Exercise directions :: Within the listing below, how many lines feature the word "annN"? Reply with only that number.

Available records ::
text \<open>A^k (k \<ge> 1): the span of all products of k elements of A.\<close>
definition alg_pow :: "('k::field \<Rightarrow> 'a::comm_ring \<Rightarrow> 'a) \<Rightarrow> nat \<Rightarrow> 'a set" where
  "alg_pow s k = module.span s {foldr (*) xs a | xs a. length xs + 1 = k}"

definition annN :: "nat \<Rightarrow> 'a::comm_ring set" where
  "annN k = {a. \<forall>xs. length xs = k \<longrightarrow> foldr (*) xs a = 0}"

definition qdim :: "('k::field \<Rightarrow> 'a::comm_ring \<Rightarrow> 'a) \<Rightarrow> 'a \<Rightarrow> nat" where
  "qdim s x = vector_space.dim s {s c x + a * x | c a. True}"

definition qmin :: "('k::field \<Rightarrow> 'a::comm_ring \<Rightarrow> 'a) \<Rightarrow> nat \<Rightarrow> nat" where
  "qmin s t = Min (qdim s ` (annN t - annN (t - 1)))"

definition AV :: "('k::field \<Rightarrow> 'a::comm_ring \<Rightarrow> 'a) \<Rightarrow> 'a set \<Rightarrow> 'a set" where
  "AV s V = module.span s {a * v | a v. v \<in> V}"

definition Gmap :: "('k::field \<Rightarrow> 'a::comm_ring \<Rightarrow> 'a) \<Rightarrow> 'a set \<Rightarrow> 'a set" where
  "Gmap s V = {v + w | v w. v \<in> V \<and> w \<in> AV s V}"

definition is_ideal :: "('k::field \<Rightarrow> 'a::comm_ring \<Rightarrow> 'a) \<Rightarrow> 'a set \<Rightarrow> bool" where
  "is_ideal s J \<longleftrightarrow> module.subspace s J \<and> (\<forall>a j. j \<in> J \<longrightarrow> a * j \<in> J)"
lemma negligible_critical_values: "negligible ({0<..<M} - regular_values)"
proof -
  define CL where "CL = {x \<in> {Xm<..<x0}. deriv A x = 0}"
  define CR where "CR = {x \<in> {x0<..<Xp}. deriv A x = 0}"
  have dL: "(A has_real_derivative deriv A x) (at x within {Xm<..<x0})" if "x \<in> {Xm<..<x0}" for x
    using deriv[of x] that x0_inside by (auto intro: has_field_derivative_at_within)
  have iL: "inj_on A {Xm<..<x0}"
    using strict_mono_on_imp_inj_on[OF A_strict_mono_on] by (rule inj_on_subset) auto
  have "negligible (A ` CL)"
    by (rule negligible_image_zero_derivative[OF _ dL iL]) (auto simp: CL_def)
  have dR: "(A has_real_derivative deriv A x) (at x within {x0<..<Xp})" if "x \<in> {x0<..<Xp}" for x
    using deriv[of x] that x0_inside by (auto intro: has_field_derivative_at_within)
  have iR: "inj_on A {x0<..<Xp}"
    using strict_antimono_iff_antimono[THEN iffD1, OF A_strict_antimono_on]
    by (auto intro: inj_on_subset)
  have "negligible (A ` CR)"
    by (rule negligible_image_zero_derivative[OF _ dR iR]) (auto simp: CR_def)
  moreover have "{0<..<M} - regular_values \<subseteq> A ` CL \<union> A ` CR"
  proof
    fix t assume t: "t \<in> {0<..<M} - regular_values"
    then have "0 < t" "t < M" by auto
    note L = level_set[OF this]
    from t have "deriv A (xm t) = 0 \<or> deriv A (xp t) = 0" unfolding regular_values_def by auto
    then have "xm t \<in> CL \<or> xp t \<in> CR" unfolding CL_def CR_def using L by auto
    then show "t \<in> A ` CL \<union> A ` CR" using L by (metis UnI1 UnI2 image_eqI)
  qed
  ultimately show ?thesis
    using \<open>negligible (A ` CL)\<close> negligible_Un negligible_subset by blast
qed

lemma isCont_deriv: "x \<in> {Xm<..<Xp} \<Longrightarrow> isCont (deriv A) x"
  using deriv_cont continuous_on_eq_continuous_at[of "{Xm<..<Xp}" "deriv A"] by auto

lemma regular_value_left:
  assumes m: "m \<in> regular_values"
  obtains c d where "Xm < c" "c < xm m" "xm m < d" "d < x0" "\<And>x. x \<in> {c..d} \<Longrightarrow> 0 < deriv A x"
proof -
  have "0 < m" "m < M" using m by (auto simp: regular_values_def)
  note L = level_set[OF this]
  have "0 \<le> deriv A (xm m)"
  proof (rule DERIV_nonneg_if_increasing_right[OF deriv \<open>xm m < x0\<close>])
    show "xm m \<in> {Xm<..<Xp}" using L x0_inside by auto
    fix y assume "xm m < y" "y \<le> x0"
    moreover have "Xm < xm m" "xm m < x0" using L by auto
    ultimately show "A (xm m) < A y"
      by (intro strict_mono_onD[OF A_strict_mono_on]) auto
  qed
  then have "0 < deriv A (xm m)" using m by (auto simp: regular_values_def)
  from isCont_pos_interval[OF isCont_deriv this \<open>Xm < xm m\<close> \<open>xm m < x0\<close>] that show ?thesis
    using L x0_inside by auto
qed

lemma regular_value_right:
  assumes m: "m \<in> regular_values"
  obtains c d where "x0 < c" "c < xp m" "xp m < d" "d < Xp" "\<And>x. x \<in> {c..d} \<Longrightarrow> deriv A x < 0"
proof -
  have "0 < m" "m < M" using m by (auto simp: regular_values_def)
  note L = level_set[OF this]
  have xp_in: "xp m \<in> {Xm<..<Xp}" using L x0_inside by auto
  have "0 \<le> - deriv A (xp m)"
  proof (rule DERIV_nonneg_if_increasing_right[of "\<lambda>y. A (- y)" _ "- xp m" "- x0"])
    show "((\<lambda>y. A (- y)) has_real_derivative - deriv A (xp m)) (at (- xp m))"
      using deriv[OF xp_in] by (simp add: DERIV_mirror)
    show "- xp m < - x0" using L by simp
    fix y assume "- xp m < y" "y \<le> - x0"
    moreover have "x0 < xp m" "xp m < Xp" using L by auto
    ultimately show "A (- (- xp m)) < A (- y)"
      by (intro monotone_onD[OF A_strict_antimono_on]) auto
  qed
  then have "0 < - deriv A (xp m)" using m by (auto simp: regular_values_def)
  moreover have "isCont (\<lambda>x. - deriv A x) (xp m)"
    using isCont_deriv[OF xp_in] by (rule isCont_minus)
  ultimately obtain c d where "x0 < c" "c < xp m" "xp m < d" "d < Xp"
    "\<And>x. x \<in> {c..d} \<Longrightarrow> 0 < - deriv A x"
    using isCont_pos_interval[where f="\<lambda>x. - deriv A x" and a="xp m" and L=x0 and R=Xp] L by blast
  then show ?thesis using that by force
qed

end

lemma isCont_if_eq_continuous_on_open:
  assumes "continuous_on N g" "open N" "m \<in> N" "\<And>t. t \<in> N \<Longrightarrow> f t = g t"
  shows "isCont f m"
  using assms continuous_on_cong[of N N f g] continuous_on_eq_continuous_at by metis

context single_hump
begin
lemma eval_a_qsum_eq_0:
  fixes d n r s L :: nat
  assumes "d > 0" "s < n" "L < n" "s \<le> L \<Longrightarrow> odd (L - s)"
  shows "ring_to_field_hom.evaluates_to (eval_a (r + d * L))
           (qsum (var_a * var_q powi int r) (var_b * var_q powi (int d - int r)) (var_q ^ d) s n) 0"
proof -
  interpret ring_to_field_hom "eval_a (r + d * L)" by (rule ring_to_field_hom_eval_a)
  define q where "q = to_fract qvar"
  have base: "generic_over (to_fract [:0, 1:]) q"
    unfolding q_def qvar_def by (rule generic_over_X_const[OF inj_power_X])
  then have q: "q \<noteq> 0" by (rule generic_over.Q_nonzero)
  have a: "evaluates_to var_a (inverse (q ^ (r + d * L)))"
    using evaluates_to_to_fract[of "[:0, 1:]"] by (simp add: var_a_eq eval_a_X q_def)
  have b: "evaluates_to var_b (to_fract [:0, 1:])"
    using evaluates_to_to_fract[of "[:[:0, 1:]:]"] by (simp add: var_b_eq eval_a_const)
  have Q: "evaluates_to var_q q"
    using evaluates_to_to_fract[of "[:qvar:]"] by (simp add: var_q_eq eval_a_const q_def)
  have "inverse (q ^ (r + d * L)) * q powi int r = (q ^ d) powi (- int L)"
    using q by (simp add: power_int_minus power_add power_mult)
  then have "evaluates_to (var_a * var_q powi int r) ((q ^ d) powi (- int L))"
    using evaluates_to_mult[OF a evaluates_to_power_int[OF Q q, of "int r"]] by argo
  moreover have "evaluates_to (var_b * var_q powi (int d - int r)) (to_fract [:0, 1:] * q powi (int d - int r))"
    using b Q q by (intro evaluates_to_mult evaluates_to_power_int)
  ultimately show ?thesis
    using evaluates_to_power[OF Q] generic_over_power[OF base assms(1)] assms(2-4)
    by (rule evaluates_qsum_to_0)
qed
(* For all integers $v\geq 1$ and $r\geq 1$, $$\sum_{i=1}^{2v-2}2^{i-1}\binom{2r+i-1}{i}\sigma(2v-i,2r+i)+2^{2v-1}\sum_{j=0}^{2r-2}(-1)^j\binom{2v+j-1}{j}\lambda(2v+j)\lambda(2r-j)$$ $$-2^{2v-3}\binom{2v+2r-2}{2v-1}(2v+2r-1)\lambda(2v+2r)+2^{2v-2}\binom{2v+2r-2}{2v-1}\sum_{j=1}^{r+v-2}\lambda(2j+1)\lambda(2r+2v-2j-1)=0,$$ where an empty sum equals $0$.
   Context: For integers $t\geq 1$, $n\geq 1$ let $S_n^{(t)}=\sum_{k=1}^{n}\frac{1}{(2k-1)^t}$, and for integers $s\geq 2$, $t\geq 1$ let $\sigma(s,t)=\sum_{n\geq 1}\frac{S_n^{(t)}}{n^s}$. For real $s>1$, $\lambda(s)=\sum_{n\geq 1}\frac{1}{(2n-1)^s}$. *)

theory Defs
  imports "HOL-Analysis.Analysis"
begin

definition Sodd :: "nat \<Rightarrow> nat \<Rightarrow> real" where
  "Sodd n t = (\<Sum>k=1..n. 1 / (2 * real k - 1) ^ t)"

definition sigma_odd :: "nat \<Rightarrow> nat \<Rightarrow> real" where
  "sigma_odd s t = (\<Sum>n. Sodd (Suc n) t / real (Suc n) ^ s)"

definition dlambda :: "real \<Rightarrow> real" where
  "dlambda s = (\<Sum>n. 1 / (2 * real n + 1) powr s)"

end

theory Submission
  imports Defs
begin

text \<open>
  For odd \<open>x, y > 0\<close> and even \<open>p, q\<close>, substituting \<open>a = -y/x\<close>, \<open>b = (x+y)/x\<close> into the
  negative binomial identity
  \<open>\<Sum>i<q. C(p-1+i, i) a^p b^i + \<Sum>j<p. C(q-1+j, j) a^j b^q = 1\<close> (valid whenever \<open>a + b = 1\<close>)
  and multiplying by \<open>1/(y^p (x+y)^q)\<close> expands \<open>1/(y^p (x+y)^q)\<close> into the terms
  \<open>1/(x^(p+i) (x+y)^(q-i))\<close>, \<open>1/(x^(q+j) y^(p-j))\<close> and \<open>1/(x^(p+q-2) y (x+y))\<close>.
  Summed over all pairs of odd numbers, the left-hand side and the term \<open>i = 0\<close> are the same
  double series with \<open>x\<close> and \<open>y\<close> interchanged and cancel. The other terms give
  \<open>\<sigma>(q-i, p+i)/2^(q-i)\<close>, products \<open>\<lambda>(q+j) \<lambda>(p-j)\<close>, and a Tornheim-type series
  \<open>\<Sum> 1/(x^N y (x+y))\<close> which, symmetrised in \<open>x, y\<close>, becomes the alternating sum
  \<open>\<Sum>k. (-1)^k \<lambda>(N-k) \<lambda>(k+2)\<close>. Its even part is
  \<open>\<Sum>i<n. \<lambda>(2(n-i)) \<lambda>(2i+2) = (2n+1)/2 \<lambda>(2n+2)\<close>: summing the geometric series
  \<open>\<Sum>i. x^(-2(n-i)) y^(-2i-2)\<close> leaves \<open>1/(x^(2n) (y^2-x^2))\<close> off the diagonal, and
  \<open>\<Sum>y\<noteq>x. 1/(y^2-x^2) = 1/(4x^2)\<close> telescopes.
\<close>

section \<open>Algebraic identities\<close>

lemma choose_add_swap: "(m + n) choose m = (m + n) choose n"
  using binomial_symmetric[of m "m + n"] by simp

lemma negative_binomial_tail_mult:
  fixes a :: "'a::comm_ring_1"
  assumes q: "q \<ge> 1"
  shows "(1 - a) * (\<Sum>j<p. of_nat ((q + j) choose j) * a ^ j)
       = (\<Sum>j<p. of_nat ((q - 1 + j) choose j) * a ^ j) - of_nat ((p + q - 1) choose q) * a ^ p"
proof (induction p)
  case 0
  show ?case using q by (simp add: binomial_eq_0)
next
  case (Suc p)
  obtain k where k: "q = Suc k" using q by (cases q) auto
  have pascal: "(q + p) choose p = ((q - 1 + p) choose p) + ((p + q - 1) choose q)"
  proof (cases p)
    case (Suc p')
    have "p' + Suc k = Suc (k + p')" by simp
    then have "Suc (k + p') choose p' = Suc (k + p') choose Suc k"
      using choose_add_swap[of p' "Suc k"] by argo
    with Suc k show ?thesis by simp (metis add.commute)
  qed (use k in simp)
  have shift: "(Suc p + q - 1) choose q = (q + p) choose p"
    using choose_add_swap[of q p] by (simp add: k add.commute)
  have "(1 - a) * (\<Sum>j<Suc p. of_nat ((q + j) choose j) * a ^ j)
      = (1 - a) * (\<Sum>j<p. of_nat ((q + j) choose j) * a ^ j)
        + (1 - a) * of_nat ((q + p) choose p) * a ^ p"
    by (simp add: algebra_simps)
  also have "\<dots> = (\<Sum>j<p. of_nat ((q - 1 + j) choose j) * a ^ j) - of_nat ((p + q - 1) choose q) * a ^ p
        + (1 - a) * (of_nat ((q - 1 + p) choose p) + of_nat ((p + q - 1) choose q)) * a ^ p"
    unfolding Suc.IH pascal by simp
  also have "\<dots> = (\<Sum>j<Suc p. of_nat ((q - 1 + j) choose j) * a ^ j)
        - of_nat ((Suc p + q - 1) choose q) * a ^ Suc p"
    unfolding shift pascal by (simp add: algebra_simps)
  finally show ?case .
qed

Exercise answer :: 3